Ideally, treatment of high BP in the MS should be based on lifestyle changes, diet and physical exercise, which allows for weight reduction and improves muscular blood flow. Concerning antihypertensive drugs, whether or not a particular antihypertensive agent is superior to others has not been tested in trials including subjects specifically with the MS. A large body of information, however, is available from both long-term antihypertensive trials with major outcomes as well as from a myriad of shorter studies. After changes in lifestyle are introduced, the drugs to be used should be those which may induce reduction of insulin resistance and consequent changes in the lipid profile and in glucose levels. Therefore, angiotensin-converting enzyme inhibitors (ACEi), angiotensin II-AT1 receptor blockers (ARAII) or even calcium channel blockers are preferable over diuretics and b-blockers in monotherapy, if no compelling indications are present for their use. If a combination of drugs is required, low-range doses of diuretics can be used. A combination of thiazidic diuretics and b-blockers should be avoided (Table II).
Conclusions
The metabolic syndrome is a highly prevalent condition currently considered to be a cluster of metabolic and cardiovascular risk factors including blood pressure elevation. A higher risk to progress in MS subjects with high-normal blood pressure has been observed and, when hypertension is established, seems to be what confers a higher cardiovascular risk on top of the risk induced by blood pressure elevation. Therefore, assessment of MS components can result in a clinical utility strategy to manage hypertension based on individual risk. Development of hypertension is commonly associated with both obesity and IR. The main mechanisms include overactivity of the sympathetic and the reninangiotensin system, abnormal renal sodium handling, and endothelial dysfunction.

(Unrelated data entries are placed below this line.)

lemma range_interleave: "range (interleave a b) = range a \<union> range b"
proof (intro equalityI subsetI)
  fix x assume "x \<in> range a \<union> range b"
  then consider i where "x = a i" | i where "x = b i" by blast
  then show "x \<in> range (interleave a b)"
  proof cases
    case 1
    then have "interleave a b (2 * i) = x" unfolding interleave_def by simp
    then show ?thesis by (metis rangeI)
  next
    case 2
    then have "interleave a b (2 * i + 1) = x" unfolding interleave_def by simp
    then show ?thesis by (metis rangeI)
  qed
qed (auto simp: interleave_def)

(* Bob's move: repeat the answer to the latest sentence at an even position of the listing. *)
definition even_reader :: "nat list \<Rightarrow> nat" where
  "even_reader l = l ! (2 * ((length l - 1) div 2))"

lemma even_reader_prefix: "even_reader (map a [0..<Suc n]) = a (2 * (n div 2))"
proof -
  have "2 * (n div 2) < Suc n" by linarith
  then show ?thesis unfolding even_reader_def by (simp del: upt_Suc)
qed

lemma predicts_even_reader:
  assumes "\<forall>\<^sub>F m in sequentially. a (2 * m) = c"
  shows "predicts even_reader a c"
proof -
  obtain N where N: "\<And>m. N \<le> m \<Longrightarrow> a (2 * m) = c"
    using assms unfolding eventually_sequentially by blast
  have "even_reader (map a [0..<Suc n]) = c" if "2 * N \<le> n" for n
    using N[of "n div 2"] that by (simp add: even_reader_prefix del: upt_Suc)
  then show ?thesis
    unfolding predicts_Suc eventually_sequentially by blast
qed

(* G as the unary symbol G o f (with n = 0); wf_sym requires the value 0 off this arity. *)
definition guess_fun :: "(nat list \<Rightarrow> nat) \<Rightarrow> nat list \<Rightarrow> nat list \<Rightarrow> nat" where
  "guess_fun G xs ys = (if xs = [] \<and> ys \<noteq> [] then G ys else 0)"

definition guess_sig :: "(nat list \<Rightarrow> nat) \<Rightarrow> sym set" where
  "guess_sig G = insert (SG 0 (guess_fun G)) (range SConst)"

definition guess_sentence :: "(nat list \<Rightarrow> nat) \<Rightarrow> nat \<Rightarrow> fm" where
  "guess_sentence G k = Eq (GApp 0 (guess_fun G) [] (Const k)) (Const 1)"

lemma holds_guess_sentence:
  "holds f (guess_sentence G k) \<longleftrightarrow> G (map f [0..<Suc k]) = 1"
  unfolding guess_sentence_def guess_fun_def by (simp del: upt_Suc)

lemma guess_sig_wf: "guess_sig G \<subseteq> Collect wf_sym"
  unfolding guess_sig_def wf_sym_def guess_fun_def by auto

lemma guess_sentence_qf: "guess_sentence G k \<in> qf_sentences (guess_sig G)"
  using guess_sig_wf[of G]
  unfolding qf_sentences_def guess_sentence_def guess_sig_def by auto

lemma bob_wins_if_guessable:
  assumes "guessable S"
  shows "bob_has_winning_strategy S"
proof -
  from assms obtain G where G: "\<And>f. predicts G f (if f \<in> S then 1 else 0)"
    unfolding guessable_iff_predicts by blast
  define Q where "Q = qf_sentences (guess_sig G)"
  define phi where "phi = interleave (guess_sentence G) (from_nat_into Q)"
  have "countable (guess_sig G)"
    unfolding guess_sig_def by simp
  then have "countable Q"
    unfolding Q_def by (rule countable_qf_sentences)
  moreover have sentences_in_Q: "range (guess_sentence G) \<subseteq> Q"
    using guess_sentence_qf unfolding Q_def by blast
  ultimately have "range (from_nat_into Q) = Q"
    by (intro range_from_nat_into) blast+
  with sentences_in_Q have "range phi = Q"
    unfolding phi_def range_interleave by blast
  have "predicts even_reader (\<lambda>k. fval f (phi k)) (if f \<in> S then 1 else 0)" for f
  proof (rule predicts_even_reader)
    have "\<forall>\<^sub>F m in sequentially. G (map f [0..<Suc m]) = (if f \<in> S then 1 else 0)"
      using G[of f] unfolding predicts_Suc .
    then show "\<forall>\<^sub>F m in sequentially. fval f (phi (2 * m)) = (if f \<in> S then 1 else 0)"
      by eventually_elim
        (simp add: phi_def interleave_def fval_def holds_guess_sentence del: upt_Suc)
  qed
  then have "bob_wins S (guess_sig G) phi even_reader"
    unfolding bob_wins_iff_predicts by blast
  with \<open>countable (guess_sig G)\<close> guess_sig_wf \<open>range phi = Q\<close> show ?thesis
    unfolding bob_has_winning_strategy_def Q_def by blast
qed

theorem mainTheorem6:
  fixes S :: "(nat \<Rightarrow> nat) set"
  shows "bob_has_winning_strategy S \<longleftrightarrow> guessable S"
proof
  assume "bob_has_winning_strategy S"
  then obtain Sig phi B where "bob_wins S Sig phi B"
    unfolding bob_has_winning_strategy_def by blast
  then show "guessable S" by (rule guessable_if_bob_wins)
qed (rule bob_wins_if_guessable)
end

The objectives of MS treatment in the hypertensive patient are both to reduce the high cardiovascular and renal risk associated with the individual components of MS, and to reduce the risk of developing type-2 diabetes. Diet and regular physical exercise should be strongly recommended. The first choice among antihy-pertensive drugs should be those which may induce reduction of insulin resistance and the consequent changes in lipid profile and glucose levels. Beside close blood pressure control, LDL cholesterol and glucose levels should be targeted to be reduced as much as possible. Drugs improving insulin resistance may contribute to controlling components of the MS, although further knowledge on cardiovascular and renal morbidity and mortality needs to be obtained from current ongoing studies.